REGISTRATION, ADMISSION AND PROXY
Registration date
In accordance with Article 9.4 of the Articles of Association, a shareholder’s right to participate in the general meeting and the number of votes, which the shareholder is entitled to cast, is determined in accordance with the number of shares held by such shareholder on 8 April 2026 at 11.59 pm. (CEST) (the registration date). The shares held by each shareholder are determined at the registration date on the basis of the shareholdings registered in the share register and in accordance with any notices on shareholding received, but not yet registered, by the Company in the share register as of the registration date.

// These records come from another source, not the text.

section \<open>Chernoff bounds\<close>

lemma integrable_comp_cong_distr:
  fixes X Y :: "'a \<Rightarrow> real" and g :: "real \<Rightarrow> real"
  assumes [measurable]: "X \<in> borel_measurable M" "Y \<in> borel_measurable M" "g \<in> borel_measurable borel"
    and "distr M borel X = distr M borel Y"
  shows "integrable M (\<lambda>\<omega>. g (X \<omega>)) \<longleftrightarrow> integrable M (\<lambda>\<omega>. g (Y \<omega>))"
  by (metis assms integrable_distr_eq)

lemma integral_comp_cong_distr:
  fixes X Y :: "'a \<Rightarrow> real" and g :: "real \<Rightarrow> real"
  assumes [measurable]: "X \<in> borel_measurable M" "Y \<in> borel_measurable M" "g \<in> borel_measurable borel"
    and "distr M borel X = distr M borel Y"
  shows "(\<integral>\<omega>. g (X \<omega>) \<partial>M) = (\<integral>\<omega>. g (Y \<omega>) \<partial>M)"
  by (metis assms integral_distr)

lemma (in prob_space) chernoff_sum:
  fixes Z :: "'i \<Rightarrow> 'a \<Rightarrow> real"
  assumes ind: "indep_vars (\<lambda>_. borel) Z W" and fin: "finite W"
    and int: "\<And>i. i \<in> W \<Longrightarrow> integrable M (\<lambda>\<omega>. exp (t * Z i \<omega>))"
    and bnd: "\<And>i. i \<in> W \<Longrightarrow> (\<integral>\<omega>. exp (t * Z i \<omega>) \<partial>M) \<le> B"
    and t: "0 \<le> t"
  shows "prob {\<omega> \<in> space M. y < (\<Sum>i\<in>W. Z i \<omega>)} \<le> exp (- t * y) * B ^ card W"
proof -
  have ind_exp: "indep_vars (\<lambda>_. borel) (\<lambda>i \<omega>. exp (t * Z i \<omega>)) W"
    by (rule indep_vars_compose2[OF ind]) auto
  have int_prod: "integrable M (\<lambda>\<omega>. \<Prod>i\<in>W. exp (t * Z i \<omega>))"
    by (rule indep_vars_integrable[OF fin ind_exp int])
  have "{\<omega> \<in> space M. y < (\<Sum>i\<in>W. Z i \<omega>)}
      \<subseteq> {\<omega> \<in> space M. exp (t * y) \<le> (\<Prod>i\<in>W. exp (t * Z i \<omega>))}"
    using t by (auto simp: exp_sum[OF fin, symmetric] sum_distrib_left[symmetric] mult_left_mono)
  hence "prob {\<omega> \<in> space M. y < (\<Sum>i\<in>W. Z i \<omega>)}
      \<le> prob {\<omega> \<in> space M. exp (t * y) \<le> (\<Prod>i\<in>W. exp (t * Z i \<omega>))}"
    by (rule finite_measure_mono) (use int_prod in measurable)
  also have "\<dots> \<le> (\<integral>\<omega>. (\<Prod>i\<in>W. exp (t * Z i \<omega>)) \<partial>M) / exp (t * y)"
    by (rule integral_Markov_inequality_measure[OF int_prod]) (auto intro!: prod_nonneg)
  also have "(\<integral>\<omega>. (\<Prod>i\<in>W. exp (t * Z i \<omega>)) \<partial>M) = (\<Prod>i\<in>W. \<integral>\<omega>. exp (t * Z i \<omega>) \<partial>M)"
    by (rule indep_vars_lebesgue_integral[OF fin ind_exp int])
  also have "\<dots> \<le> B ^ card W"
    using prod_mono[of W "\<lambda>i. \<integral>\<omega>. exp (t * Z i \<omega>) \<partial>M" "\<lambda>_. B"] bnd by auto
  finally show ?thesis by (simp add: exp_minus field_simps divide_right_mono)
qed

lemma (in prob_space) chernoff_sum_iid:
  fixes X :: "'i \<Rightarrow> 'a \<Rightarrow> real" and Z :: "'a \<Rightarrow> real" and g :: "real \<Rightarrow> real"
  assumes ind: "indep_vars (\<lambda>_. borel) X W" and fin: "finite W"
    and distr: "\<And>i. i \<in> W \<Longrightarrow> distr M borel (X i) = distr M borel Z"
    and [measurable]: "Z \<in> borel_measurable M" "g \<in> borel_measurable borel"
    and int: "integrable M (\<lambda>\<omega>. exp (t * g (Z \<omega>)))" and t: "0 \<le> t"
  shows "prob {\<omega> \<in> space M. y < (\<Sum>i\<in>W. g (X i \<omega>))}
    \<le> exp (- t * y) * (\<integral>\<omega>. exp (t * g (Z \<omega>)) \<partial>M) ^ card W"
proof (rule chernoff_sum[OF _ fin _ _ t])
  show "indep_vars (\<lambda>_. borel) (\<lambda>i \<omega>. g (X i \<omega>)) W"
    by (rule indep_vars_compose2[OF ind]) auto
  fix i assume i: "i \<in> W"
  hence [measurable]: "X i \<in> borel_measurable M" using ind by (auto simp: indep_vars_def)
  show "integrable M (\<lambda>\<omega>. exp (t * g (X i \<omega>)))"
    using integrable_comp_cong_distr[of "X i" M Z "\<lambda>x. exp (t * g x)"] distr[OF i] int by simp
  show "(\<integral>\<omega>. exp (t * g (X i \<omega>)) \<partial>M) \<le> (\<integral>\<omega>. exp (t * g (Z \<omega>)) \<partial>M)"
    using integral_comp_cong_distr[of "X i" M Z "\<lambda>x. exp (t * g x)"] distr[OF i] by simp
qed

lemma (in prob_space) integrable_exp_mult_of_tail:
  fixes Z :: "'a \<Rightarrow> real"
  assumes [measurable]: "Z \<in> borel_measurable M"
    and tail: "\<And>z. z0 \<le> z \<Longrightarrow> prob {\<omega> \<in> space M. z < Z \<omega>} \<le> exp (- a * z)"
    and s: "0 \<le> s" "s < a"
  shows "integrable M (\<lambda>\<omega>. exp (s * Z \<omega>))"
proof -
  define f where "f m \<omega> = exp (s * (z0 + m + 1)) * indicator {z0 + m<..} (Z \<omega>)" for m :: nat and \<omega>
  have f_meas[measurable]: "f m \<in> borel_measurable M" for m unfolding f_def by measurable
  have f_nonneg: "0 \<le> f m \<omega>" for m \<omega> by (simp add: f_def)
  have f_int: "integrable M (f m)" for m
    by (rule integrable_const_bound[where B = "exp (s * (z0 + m + 1))"]) (auto simp: f_def indicator_def)
  have int_bound: "(\<integral>\<omega>. norm (f m \<omega>) \<partial>M) \<le> exp (s * (z0 + 1) - a * z0) * exp (s - a) ^ m" for m
  proof -
    have "(\<integral>\<omega>. norm (f m \<omega>) \<partial>M)
        = (\<integral>\<omega>. exp (s * (z0 + m + 1)) * indicator {\<omega> \<in> space M. z0 + m < Z \<omega>} \<omega> \<partial>M)"
      by (rule Bochner_Integration.integral_cong) (auto simp: f_def indicator_def)
    also have "\<dots> = exp (s * (z0 + m + 1)) * prob {\<omega> \<in> space M. z0 + m < Z \<omega>}" by simp
    also have "\<dots> \<le> exp (s * (z0 + m + 1)) * exp (- a * (z0 + m))"
      by (intro mult_left_mono tail) auto
    also have "\<dots> = exp (s * (z0 + 1) - a * z0) * exp (s - a) ^ m"
      by (simp add: exp_of_nat_mult[symmetric] exp_add[symmetric] algebra_simps)
    finally show ?thesis .
  qed
  have "summable (\<lambda>m. exp (s * (z0 + 1) - a * z0) * exp (s - a) ^ m)"
    using s by (intro summable_mult summable_geometric) simp
  hence int_summable: "summable (\<lambda>m. \<integral>\<omega>. norm (f m \<omega>) \<partial>M)"
    by (rule summable_comparison_test'[where N = 0]) (use int_bound in auto)
  have f_summable: "summable (\<lambda>m. f m \<omega>)" for \<omega>
    unfolding f_def by (rule exp_le_sum_of_steps(1)[OF s(1)])
  have "summable (\<lambda>m. norm (f m \<omega>))" for \<omega>
    using f_summable f_nonneg by simp
  hence "integrable M (\<lambda>\<omega>. \<Sum>m. f m \<omega>)"
    by (intro integrable_suminf[OF f_int _ int_summable] AE_I2)
  hence "integrable M (\<lambda>\<omega>. exp (s * (z0 + 1)) + (\<Sum>m. f m \<omega>))" by simp
  thus ?thesis
  proof (rule Bochner_Integration.integrable_bound)
    have "exp (s * Z \<omega>) \<le> exp (s * (z0 + 1)) + (\<Sum>m. f m \<omega>)" for \<omega>
      unfolding f_def by (rule exp_le_sum_of_steps(2)[OF s(1)])
    moreover have "0 \<le> (\<Sum>m. f m \<omega>)" for \<omega>
      by (intro suminf_nonneg f_summable f_nonneg)
    ultimately show "AE \<omega> in M. norm (exp (s * Z \<omega>)) \<le> norm (exp (s * (z0 + 1)) + (\<Sum>m. f m \<omega>))"
      by (intro AE_I2) simp
  qed measurable
qed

Deadline for notice of attendance
A shareholder or its proxy wishing to attend the general meeting in person must give notice thereof and order admission cards on the Investor Portal at the Company’s website, www.st-group.com, no later than 10 April 2026 11.59 pm. (CEST), or by printing the admission card order form found on the Company’s website, www.st-group.com, and submitting it to Computershare A/S, Lottenborgvej 26D, 2800 Kongens Lyngby, email gf@computershare.dk, so that it is received by Computershare A/S no later than 10 April 2026 11.59 pm. (CEST).
Admission card
Admission cards will be issued electronically only. Thus, admission cards will not be distributed by ordinary mail. Please register the email address, to which the electronic admission card should be sent, on the Investor Portal at the Company’s website, www.st-group.com, when you request the admission card.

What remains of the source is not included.